I would just like to say, with 1 minute and 18 seconds left and with the indulgence of the house, that it is the season to be jolly – fa la la la la la la la la. I want to say merry Christmas to you, Acting Speaker, and to everyone in this place of all political ilk. I hope everyone has a great Christmas. I want to thank the team at Hansard, who do a great job. The bow ties today were on point; they were great. I enjoyed the photo; I saw it pop up on Parliament services. Great work, team. Have a great Christmas. Thank you. If the camera could just do a nod at this point, that would be great. A big thankyou to everyone else at the Department of Parliamentary Services, to all in the catering team and to everyone who makes my life so easy in this place. For all of us they do a wonderful job. To all of my staff at the Bayswater electorate office, thank you so much. They say you need smarter people around you, and I have no doubt that that is the case with me at the Bayswater EO. They are great people. I love having them around. They are not just staff, they are friends as well. I appreciate them each and every single day.

This is a great piece of legislation, a fantastic piece of legislation, that acquits an election commitment and gets on and delivers for the good people of Victoria. What a way to end 2024.

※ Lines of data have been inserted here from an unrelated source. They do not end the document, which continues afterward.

lemma no_three_free:
  assumes k: "card C = 4" and p: "p \<in> C"
    and xyz: "x \<in> free p" "y \<in> free p" "z \<in> free p" "x \<noteq> y" "x \<noteq> z" "y \<noteq> z"
  shows False
proof -
  obtain q1 q2 q3 where C: "C = {p, q1, q2, q3}" "p \<noteq> q1" "p \<noteq> q2" "p \<noteq> q3" "q1 \<noteq> q2" "q1 \<noteq> q3"
    "q2 \<noteq> q3"
    using obtain_others3[OF k p] by metis
  have inC: "q1 \<in> C" "q2 \<in> C" "q3 \<in> C" using C by auto
  have pD: "x \<notin> fst p" "y \<notin> fst p" "z \<notin> fst p" "x \<in> U" "y \<in> U" "z \<in> U" using xyz unfolding free_def
    by auto
  have two: "(w \<in> fst q1 \<and> w \<in> fst q2) \<or> (w \<in> fst q1 \<and> w \<in> fst q3) \<or> (w \<in> fst q2 \<and> w \<in> fst q3)"
    if "w \<in> U" "w \<notin> fst p" for w
  proof (rule ccontr)
    assume "\<not> ?thesis"
    then have "(w \<notin> fst q1 \<and> w \<notin> fst q2) \<or> (w \<notin> fst q1 \<and> w \<notin> fst q3) \<or> (w \<notin> fst q2 \<and> w \<notin> fst q3)"
      by blast
    then show False using not_free_in_three[OF that(1) p] inC C that(2) by metis
  qed
  have ne1: "\<exists>w. w \<in> free p \<and> w \<in> fst q" if "q \<in> C" "q \<noteq> p" for q
  proof -
    have "\<not> fst q \<subseteq> fst p" using antichain[OF that(1) p] that(2) by blast
    then obtain w where "w \<in> fst q" "w \<notin> fst p" by blast
    then show ?thesis using cube_in_ground[OF that(1)] unfolding free_def by blast
  qed
  obtain a0 where a0: "a0 \<in> free p" "a0 \<in> fst q1" using ne1 inC C by blast
  obtain b0 where b0: "b0 \<in> free p" "b0 \<in> fst q2" using ne1 inC C by blast
  obtain c0 where c0: "c0 \<in> free p" "c0 \<in> fst q3" using ne1 inC C by blast
  obtain e1 e2 where e: "e1 \<in> {x,y,z}" "e2 \<in> {x,y,z}" "e1 \<noteq> e2" "a0 \<noteq> e1" "a0 \<noteq> e2"
  proof (cases "a0 = x")
    case True then show ?thesis using that xyz by blast
  next
    case False
    show ?thesis
    proof (cases "a0 = y")
      case True then show ?thesis using that xyz \<open>a0 \<noteq> x\<close> by blast
    next
      case False then show ?thesis using that xyz \<open>a0 \<noteq> x\<close> by blast
    qed
  qed
  have eU: "e1 \<in> U" "e1 \<notin> fst p" "e2 \<in> U" "e2 \<notin> fst p" using e pD by auto
  obtain a b c where abc: "a \<in> {a0,b0,c0,e1,e2}" "b \<in> {a0,b0,c0,e1,e2}" "c \<in> {a0,b0,c0,e1,e2}"
    "a \<noteq> b" "a \<noteq> c" "b \<noteq> c" "a \<in> fst q1" "b \<in> fst q2" "c \<in> fst q3"
    using distinct_representatives3[OF e(3-5) a0(2) b0(2) c0(2) two[OF eU(1,2)] two[OF eU(3,4)]]
      by blast
  have abcD: "a \<in> free p" "b \<in> free p" "c \<in> free p" using abc a0 b0 c0 e xyz by auto
  define u where "u q = (if q = q1 then a else if q = q2 then b else c)" for q
  show False
  proof (rule no_distinct_representatives[OF p, of u])
    fix q assume "q \<in> C" "q \<noteq> p"
    then have "q = q1 \<or> q = q2 \<or> q = q3" using C by auto
    then show "u q \<in> free p \<and> u q \<in> fst q" using abc abcD C unfolding u_def by auto
  next
    fix q q' assume "q \<in> C" "q' \<in> C" "q \<noteq> p" "q' \<noteq> p" "u q = u q'"
    moreover have "q = q1 \<or> q = q2 \<or> q = q3" "q' = q1 \<or> q' = q2 \<or> q' = q3" using C calculation
      by auto
    ultimately show "q = q'" using abc C unfolding u_def by (auto split: if_splits)
  qed
qed

lemma no_two_free:
  assumes k: "card C = 3" and p: "p \<in> C" and xy: "x \<in> free p" "y \<in> free p" "x \<noteq> y"
  shows False
proof -
  obtain q1 q2 where C: "C = {p, q1, q2}" "p \<noteq> q1" "p \<noteq> q2" "q1 \<noteq> q2"
    using obtain_others2[OF k p] by metis
  have inC: "q1 \<in> C" "q2 \<in> C" using C by auto
  have fixed: "w \<in> fst q1 \<and> w \<in> fst q2" if "w \<in> free p" for w
  proof -
    have w: "w \<in> U" "w \<notin> fst p" using that unfolding free_def by auto
    obtain r s where rs: "r \<in> C" "s \<in> C" "w \<in> fst r" "w \<in> fst s" "w \<in> snd r" "w \<notin> snd s"
      using conf w(1) unfolding conflicting_def by blast
    have "r \<noteq> s" using rs by auto
    moreover have "r \<noteq> p" "s \<noteq> p" using rs w by auto
    ultimately have "{r, s} = {q1, q2}" using rs C by auto
    then show ?thesis using rs by auto
  qed
  define u where "u q = (if q = q1 then x else y)" for q
  show False
  proof (rule no_distinct_representatives[OF p, of u])
    fix q assume "q \<in> C" "q \<noteq> p"
    then have "q = q1 \<or> q = q2" using C by auto
    then show "u q \<in> free p \<and> u q \<in> fst q" using fixed xy C unfolding u_def by auto
  next
    fix q q' assume "q \<in> C" "q' \<in> C" "q \<noteq> p" "q' \<noteq> p" "u q = u q'"
    then show "q = q'" using xy C unfolding u_def by (auto split: if_splits)
  qed
qed


lemma conflict_of_two:
  assumes "c \<in> U" "r \<in> C" "s \<in> C" "\<And>q. q \<in> C \<Longrightarrow> c \<in> fst q \<Longrightarrow> q = r \<or> q = s"
  shows "c \<in> snd r \<longleftrightarrow> c \<notin> snd s"
proof -
  obtain p q where pq: "p \<in> C" "q \<in> C" "c \<in> fst p" "c \<in> fst q" "c \<in> snd p" "c \<notin> snd q"
    using conf assms(1) unfolding conflicting_def by blast
  have "p = r \<or> p = s" "q = r \<or> q = s" using assms(4) pq by auto
  moreover have "p \<noteq> q" using pq by auto
  ultimately show ?thesis using pq by auto
qed

lemma bool_pair_avoiding:
  "\<exists>(u::bool) (v::bool). (u \<noteq> a1 \<or> v \<noteq> b1) \<and> (u \<noteq> a2 \<or> v \<noteq> b2) \<and> (u \<noteq> a3 \<or> v \<noteq> b3)"
  by (cases a1; cases b1; cases a2; cases b2; cases a3; cases b3) auto

lemma free_pair_shared:
  assumes k: "card C = 4" and p: "p \<in> C" and Dp: "free p = {b,c}" "b \<noteq> c"
  shows "\<exists>q\<in>C. q \<noteq> p \<and> (b \<in> free q \<or> c \<in> free q)"
proof (rule ccontr)
  assume nq: "\<not> ?thesis"
  obtain q1 q2 q3 where C: "C = {p, q1, q2, q3}" "p \<noteq> q1" "p \<noteq> q2" "p \<noteq> q3" "q1 \<noteq> q2" "q1 \<noteq> q3"
    "q2 \<noteq> q3"
    using obtain_others3[OF k p] by metis
  have bcU: "b \<in> U" "c \<in> U" "b \<notin> fst p" "c \<notin> fst p" using Dp unfolding free_def by auto
  have fx: "b \<in> fst q \<and> c \<in> fst q" if "q \<in> C" "q \<noteq> p" for q
    using nq that bcU unfolding free_def by blast
  obtain u v where uv:
    "(u \<noteq> (b \<in> snd q1) \<or> v \<noteq> (c \<in> snd q1)) \<and> (u \<noteq> (b \<in> snd q2) \<or> v \<noteq> (c \<in> snd q2)) \<and>
      (u \<noteq> (b \<in> snd q3) \<or> v \<noteq> (c \<in> snd q3))"
    using bool_pair_avoiding[of "b \<in> snd q1" "c \<in> snd q1" "b \<in> snd q2" "c \<in> snd q2" "b \<in> snd q3"
      "c \<in> snd q3"]
    by (elim exE) blast
  define X where "X = snd p \<union> (if u then {b} else {}) \<union> (if v then {c} else {})"
  have X: "X \<in> cube U (fst p) (snd p)" using cube_in_ground[OF p] bcU unfolding X_def cube_def
    by auto
  have Xb: "b \<in> X \<longleftrightarrow> u" and Xc: "c \<in> X \<longleftrightarrow> v" using cube_in_ground[OF p] bcU Dp unfolding X_def by auto
  show False
  proof (rule not_all_blocked[OF p X])
    fix q assume q: "q \<in> C" "q \<noteq> p"
    have "q = q1 \<or> q = q2 \<or> q = q3" using q C by auto
    then have "(b \<in> X \<longleftrightarrow> b \<notin> snd q) \<or> (c \<in> X \<longleftrightarrow> c \<notin> snd q)" using uv Xb Xc by auto
    then show "blocks p q X" unfolding blocks_def using fx[OF q] bcU by blast
  qed
qed
definition tdot :: "('v,'e,'k,'z) network_scheme \<Rightarrow> ('e \<Rightarrow> real) \<Rightarrow> ('e \<Rightarrow> real) \<Rightarrow> real" where
  "tdot G t w = (\<Sum>e\<in>tolled G. t e * w e)"

definition fk :: "('v,'e,'k,'z) network_scheme \<Rightarrow> 'k \<Rightarrow> ('e \<Rightarrow> real) \<Rightarrow> ereal" where
  "fk G k t = (if \<forall>e\<in>tolled G. 0 \<le> t e
      then Inf ((\<lambda>x. ereal ((\<Sum>e\<in>arcs G. cost G e * x e) + (\<Sum>e\<in>tolled G. t e * x e))) ` Xset G k)
      else -\<infinity>)"

definition ftot :: "('v,'e,'k,'z) network_scheme \<Rightarrow> ('e \<Rightarrow> real) \<Rightarrow> ereal" where
  "ftot G t = (\<Sum>k\<in>comms G. fk G k t)"

definition gk :: "('v,'e,'k,'z) network_scheme \<Rightarrow> 'k \<Rightarrow> ('e \<Rightarrow> real) \<Rightarrow> ereal" where
  "gk G k w = (SUP t\<in>tollvecs (tolled G). fk G k t - ereal (tdot G t w))"

definition gtot :: "('v,'e,'k,'z) network_scheme \<Rightarrow> ('e \<Rightarrow> real) \<Rightarrow> ereal" where
  "gtot G w = (SUP t\<in>tollvecs (tolled G). ftot G t - ereal (tdot G t w))"

definition dual_feas :: "('v,'e,'k,'z) network_scheme \<Rightarrow> ('e \<Rightarrow> real) \<Rightarrow> ('v \<Rightarrow> real) \<Rightarrow> bool" where
  "dual_feas G t y \<longleftrightarrow> (\<forall>e\<in>tolled G. 0 \<le> t e) \<and>
     (\<forall>e\<in>arcs G. y (src G e) - y (tgt G e) - text_bar G t e \<le> cost G e)"

definition bdot :: "('v,'e,'k,'z) network_scheme \<Rightarrow> 'k \<Rightarrow> ('v \<Rightarrow> real) \<Rightarrow> real" where
  "bdot G k y = (\<Sum>v\<in>nodes G. bvec G k v * y v)"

Cindy McLEISH (Eildon) (16:48): I am pleased to finally have the opportunity, which I thought had passed me by, to speak on the bill before us. Whilst the concept of a paramedic practitioner might be new to us, the concept of a nurse practitioner is well known. This concept is closely modelled on that of a nurse practitioner, whereby those who already have the paramedic qualification are able to undergo particular training as prescribed postgraduate courses at Monash University to obtain a master of paramedic practitioner. What that will allow them to do is expand on the roles that they already do. In theory that is going to have great outcomes and make a big difference to the health services and the ambulance service, but when you look at the number that are going to be going through the course, it is not going to make much of a dent in this already at crisis and underfunded system in Victoria.

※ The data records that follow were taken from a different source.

theorem negligible_not_is_lebesgue_point:
  fixes f :: "'a::euclidean_space \<Rightarrow> real"
  assumes f: "f \<in> borel_measurable lebesgue" and f01: "\<And>z. f z \<in> {0..1}"
  shows "negligible {z. \<not> is_lebesgue_point f z}"
proof -
  \<comment> \<open>Cut the range into intervals of length \<open>1 / Suc m\<close>. By the density theorem, almost every
    point has density one in the preimage of its own interval.\<close>
  define L where "L m k = f -` {real k / real (Suc m) ..< (real k + 1) / real (Suc m)}" for m k :: nat
  have L: "L m k \<in> sets lebesgue" for m k
    using measurable_sets[OF f, of "{real k / real (Suc m) ..< (real k + 1) / real (Suc m)}"]
    by (simp add: L_def)
  define D where "D m k = {z \<in> L m k. \<exists>\<^sub>F r in at_right 0.
      1 / real (Suc m) * measure lebesgue (ball z r) < measure lebesgue (ball z r - L m k)}" for m k
  have "negligible (D m k)" for m k
    unfolding D_def by (rule lebesgue_density_theorem[OF L]) simp
  then have "negligible (\<Union>m. \<Union>k. D m k)"
    by (intro negligible_countable_Union) auto
  moreover have "is_lebesgue_point f z" if z: "z \<notin> (\<Union>m. \<Union>k. D m k)" for z
  proof (rule is_lebesgue_pointI[OF f])
    show "\<bar>f p - f z\<bar> \<le> 1" for p using f01[of p] f01[of z] by auto
    fix \<delta> :: real assume "\<delta> > 0"
    then obtain m :: nat where m: "1 / real (Suc m) < \<delta>" by (metis nat_approx_posE)
    define k where "k = nat \<lfloor>f z * real (Suc m)\<rfloor>"
    have "real k \<le> f z * real (Suc m)" "f z * real (Suc m) < real k + 1"
      using f01[of z] by (auto simp: k_def)
    then have zL: "z \<in> L m k" by (simp add: L_def field_simps)
    then have "\<forall>\<^sub>F r in at_right 0.
        measure lebesgue (ball z r - L m k) \<le> 1 / real (Suc m) * measure lebesgue (ball z r)"
      using z by (auto simp: D_def not_frequently not_less)
    then have "\<forall>\<^sub>F r in at_right 0. measure lebesgue (ball z r - L m k) \<le> \<delta> * measure lebesgue (ball z r)"
    proof eventually_elim
      case (elim r)
      have "1 / real (Suc m) * measure lebesgue (ball z r) \<le> \<delta> * measure lebesgue (ball z r)"
        using m by (intro mult_right_mono) auto
      with elim show ?case by linarith
    qed
    moreover have "\<forall>p \<in> L m k. \<bar>f p - f z\<bar> \<le> \<delta>"
      using zL m by (auto simp: L_def abs_le_iff add_divide_distrib)
    ultimately show "\<exists>L \<in> sets lebesgue. (\<forall>p\<in>L. \<bar>f p - f z\<bar> \<le> \<delta>) \<and>
        (\<forall>\<^sub>F r in at_right 0. measure lebesgue (ball z r - L) \<le> \<delta> * measure lebesgue (ball z r))"
      using L by blast
  qed
  ultimately show ?thesis by (metis (mono_tags) mem_Collect_eq negligible_subset subsetI)
qed
(* Let $A=[a_{ij}]\in M_{m,n}(\mathbb{R})$ have rank $r\geq 1$ and be properly arranged. Then $A$ is diagonally eliminable up to $r$. Moreover, $|a^{(2k)}_{k+1,k+1}|\geq |a^{(2k)}_{ij}|$ for all $k$ with $0\leq k<r$ and all $i,j$ with $k+1\leq i\leq m$, $k+1\leq j\leq n$.
   Context: Gauss-Jordan procedure: for $A\in M_{m,n}(\mathbb{R})$ set $A^{(0)}=A$. For $k\geq 0$, if $A^{(2k)}=[a^{(2k)}_{ij}]$ is defined and $a^{(2k)}_{k+1,k+1}\neq 0$, let $\mathcal{G}_{2k+1}$ be the $m\times m$ diagonal matrix with all diagonal entries $1$ except the $(k+1,k+1)$ entry, which is $1/a^{(2k)}_{k+1,k+1}$, and set $A^{(2k+1)}=\mathcal{G}_{2k+1}A^{(2k)}=[a^{(2k+1)}_{ij}]$; then let $\mathcal{G}_{2k+2}=[g_{ij}]_{m\times m}$ with $g_{ii}=1$, $g_{i,k+1}=-a^{(2k+1)}_{i,k+1}$ for $i\neq k+1$, and all other entries $0$, and set $A^{(2k+2)}=\mathcal{G}_{2k+2}A^{(2k+1)}$. A matrix $A$ of rank $r\geq 1$ is diagonally eliminable up to $r$ if for each $k=1,\dots,r$ the matrix $A^{(2k-2)}$ is defined and $a^{(2k-2)}_{kk}\neq 0$. Minors: $m^{i_1\dots i_p}_{j_1\dots j_p}$ (increasing indices) is the determinant of the submatrix of $A$ with rows $i_1,\dots,i_p$ and columns $j_1,\dots,j_p$; $m_k=m^{1\dots k}_{1\dots k}$. $A$ (of rank $r\geq 1$) is properly arranged if $|a_{ij}|\leq|a_{11}|$ for all $1\leq i\leq m$, $1\leq j\leq n$, and for every integer $k$ with $1\leq k<\min\{m,n\}$ one has $|m^{1\dots k\,i}_{1\dots k\,j}|\leq|m_{k+1}|$ for all $k+1\leq i\leq m$, $k+1\leq j\leq n$. *)

theory Defs
  imports "Jordan_Normal_Form.DL_Rank_Submatrix"
begin

text \<open>Matrices are Jordan_Normal_Form matrices with 0-based indices: the paper's
  entry a_{ij} (1-based) is A $$ (i-1, j-1).\<close>

definition mrank :: "real mat \<Rightarrow> nat" where
  "mrank A = vec_space.rank (dim_row A) A"

definition gj_G_odd :: "nat \<Rightarrow> real mat \<Rightarrow> real mat" where
  "gj_G_odd k B = mat (dim_row B) (dim_row B)
     (\<lambda>(i,j). if i = j then (if i = k then 1 / B $$ (k,k) else 1) else 0)"

definition gj_G_even :: "nat \<Rightarrow> real mat \<Rightarrow> real mat" where
  "gj_G_even k B = mat (dim_row B) (dim_row B)
     (\<lambda>(i,j). if i = j then 1 else if j = k then - B $$ (i,k) else 0)"

text \<open>gj A t = A^{(t)} (computed totally; it is the paper's A^{(t)} whenever that is
  defined, i.e. whenever all earlier pivots are nonzero).\<close>
fun gj :: "real mat \<Rightarrow> nat \<Rightarrow> real mat" where
  "gj A 0 = A"
| "gj A (Suc t) = (let B = gj A t; k = t div 2 in
      if even t then gj_G_odd k B * B else gj_G_even k B * B)"

text \<open>Diagonally eliminable up to r: for k = 1..r, a^{(2k-2)}_{kk} \<noteq> 0.
  (Definedness of A^{(2k-2)} follows from the conditions for smaller k.)\<close>
definition diag_eliminable :: "real mat \<Rightarrow> nat \<Rightarrow> bool" where
  "diag_eliminable A r \<longleftrightarrow> (\<forall>k\<in>{1..r}. gj A (2*k - 2) $$ (k - 1, k - 1) \<noteq> 0)"

definition minor :: "real mat \<Rightarrow> nat set \<Rightarrow> nat set \<Rightarrow> real" where
  "minor A I J = det (submatrix A I J)"

definition lead_minor :: "real mat \<Rightarrow> nat \<Rightarrow> real" where
  "lead_minor A k = minor A {0..<k} {0..<k}"

definition properly_arranged :: "real mat \<Rightarrow> bool" where
  "properly_arranged A \<longleftrightarrow>
     (\<forall>i<dim_row A. \<forall>j<dim_col A. \<bar>A $$ (i,j)\<bar> \<le> \<bar>A $$ (0,0)\<bar>) \<and>
     (\<forall>k. 1 \<le> k \<and> k < min (dim_row A) (dim_col A) \<longrightarrow>
        (\<forall>i j. k \<le> i \<and> i < dim_row A \<and> k \<le> j \<and> j < dim_col A \<longrightarrow>
           \<bar>minor A ({0..<k} \<union> {i}) ({0..<k} \<union> {j})\<bar> \<le> \<bar>lead_minor A (k+1)\<bar>))"

end

theory Submission
  imports Defs
begin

The purpose of the bill is fairly simple. It is to establish the paramedic practitioners as a class of registered paramedics, and then there are authorisations around what they can do around obtaining, possessing, using and selling and supplying certain substances. We are all very familiar with the concept of what a paramedic does and where they go, whether it is visiting somebody’s home or whether they have to go to an accident in various different types of places. We are familiar with that, but sometimes there are limitations on what a paramedic can do, and increasing the scope of services that they are able to undertake will make some of their treatments a little bit quicker and perhaps help them get back onto the road fairly quickly. This training will help them assess, diagnose and administer medication, which is a little bit different, treating patients onsite, and they can make medical and clinical decisions which will prevent the transfer of a patient to hospital. That may be for a short term, because depending on the nature of the illness and what happens, they may need to go to hospital a bit later on.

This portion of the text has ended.